Prolific composer Elmer Bernstein, who wrote music for more than 250 film and television productions, including Disneys animated feature, THE BLACK CAULDRON, died Aug. 18, 2004, during his sleep at his home in Ojai, California, at the age of 82.
David Raksin, the Oscar-nominated composer wrote the memorable theme for 1944's LAURA, and scored several classic UPA cartoons in the 1950s, died Aug. 9. 2004, at the age of 92.
ASSOCIATED PRESS reported that Raksin, who had been ailing for several years and had early stage Alzheimer's disease, died at his home in Van Nuys, California, according to his son, Alex Raksin.

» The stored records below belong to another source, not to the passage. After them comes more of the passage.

(* In <L h, L h> - <Lambda h, Lambda h> the terms with k /= l cancel, since the 2-forms
   commute ... *)
lemma lef_cross_term:
  assumes "finite X" "pair n k \<union> pair n l \<subseteq> X" "k < n" "l < n" "k \<noteq> l"
  shows "(\<Sum>T\<in>Pow X. if pair n k \<subseteq> T \<and> pair n l \<subseteq> T
             then lef_term n h k T * cnj (lef_term n h l T) else 0)
       = (\<Sum>R\<in>Pow X. if pair n l \<inter> R = {} \<and> pair n k \<inter> R = {}
             then adj_term n h l R * cnj (adj_term n h k R) else 0)"
    (is "?lhs = ?rhs")
proof -
  let ?B = "pair n k \<union> pair n l"
  have disj: "pair n k \<inter> pair n l = {}" using pair_disjoint assms(3-5) by blast
  have "?lhs = (\<Sum>T\<in>Pow X. if ?B \<subseteq> T then lef_term n h k T * cnj (lef_term n h l T) else 0)"
    by (rule sum.cong) auto
  also have "\<dots> = (\<Sum>R\<in>Pow (X - ?B). lef_term n h k (R \<union> ?B) * cnj (lef_term n h l (R \<union> ?B)))"
    by (rule sum_Pow_superset[OF assms(1,2)])
  also have "\<dots> = (\<Sum>R\<in>Pow (X - ?B). adj_term n h l R * cnj (adj_term n h k R))"
  proof (rule sum.cong[OF refl])
    fix R assume R: "R \<in> Pow (X - ?B)"
    have "R \<union> ?B - pair n k = R \<union> pair n l" "R \<union> ?B - pair n l = R \<union> pair n k"
      using R disj by auto
    moreover have "wsign (pair n k) (R \<union> pair n l) = wsign (pair n k) R * wsign (pair n k) (pair n l)"
      "wsign (pair n l) (R \<union> pair n k) = wsign (pair n l) R * wsign (pair n l) (pair n k)"
      by (rule wsign_Un_right; use R in auto)+
    ultimately have "lef_term n h k (R \<union> ?B) * cnj (lef_term n h l (R \<union> ?B))
        = (wsign (pair n k) (pair n l) * wsign (pair n l) (pair n k)) * (adj_term n h l R * cnj (adj_term n h k R))"
      by (simp add: lef_term_def adj_term_def mult_ac)
    then show "lef_term n h k (R \<union> ?B) * cnj (lef_term n h l (R \<union> ?B)) = adj_term n h l R * cnj (adj_term n h k R)"
      using wsign_pairs_commute[OF assms(3-5)] by simp
  qed
  also have "\<dots> = (\<Sum>R\<in>Pow X. if ?B \<inter> R = {} then adj_term n h l R * cnj (adj_term n h k R) else 0)"
    by (rule sum_Pow_disjoint[OF assms(1), symmetric])
  also have "\<dots> = ?rhs" by (rule sum.cong) auto
  finally show ?thesis .
qed
(* The action map $\Omega_u\times Int(P)\to\Omega_u$, $(A,a)\mapsto Aa$, is open.
   Context: Standing assumptions: $G$ is a second countable locally compact group with left Haar measure $dg$; $P\subset G$ is a closed subsemigroup with identity $e\in P$, such that $G=PP^{-1}$ and the interior $Int(P)$ of $P$ is dense in $P$. $\mathcal{C}(G)$ denotes the space of closed subsets of $G$ with the Vietoris (Fell) topology, a compact metrisable topology in which, for a metric $d$ on $G$ compatible with its topology, a sequence $A_n$ converges to $A$ iff $\{x:\limsup_n d(x,A_n)=0\}=\{x:\liminf_n d(x,A_n)=0\}=A$. $\Omega_u:=\{A\in\mathcal{C}(G): P^{-1}\subset A,\ P^{-1}A\subset A\}$, a compact subspace of $\mathcal{C}(G)$, with right $P$-action $A\cdot a=Aa=\{xa:x\in A\}$. *)

theory Defs
  imports "HOL-Analysis.Analysis"
begin

text \<open>The group G is written additively (class group_add is NOT assumed commutative):
  x y^{-1} becomes x + (- y), identity e becomes 0.\<close>

definition fell_topology :: "('a::topological_space) set topology" where
  "fell_topology =
     subtopology
       (topology_generated_by
          ({{A. A \<inter> K = {}} | K. compact K} \<union> {{A. A \<inter> U \<noteq> {}} | U. open U}))
       {A. closed A}"

definition Omega_u :: "('a::{topological_space, group_add}) set \<Rightarrow> 'a set set" where
  "Omega_u P = {A. closed A \<and> uminus ` P \<subseteq> A \<and>
                   (\<forall>p\<in>P. \<forall>x\<in>A. - p + x \<in> A)}"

Jackson Beck, the voice-over master of the SUPERMAN radio show, has died, reports NEWSDAY. He was 92. Beck died at about 6:00 am July 28, 2004 of complications of old age, according to Jeff David, a friend. He had been ill after suffering a series of small strokes four or five years ago, David said.
Sam McKim, the legendary Disney Imagineer who drew the first souvenir maps of Disneyland in 1954, died of heart failure on July 9, 2004 at Providence Saint Joseph Medical Center in Burbank. He was 79 years old. In addition to his Disney career, McKim started out as a child actor who appeared in films with John Wayne, Spencer Tracy, James Cagney, Rita Hayworth and Gene Autry.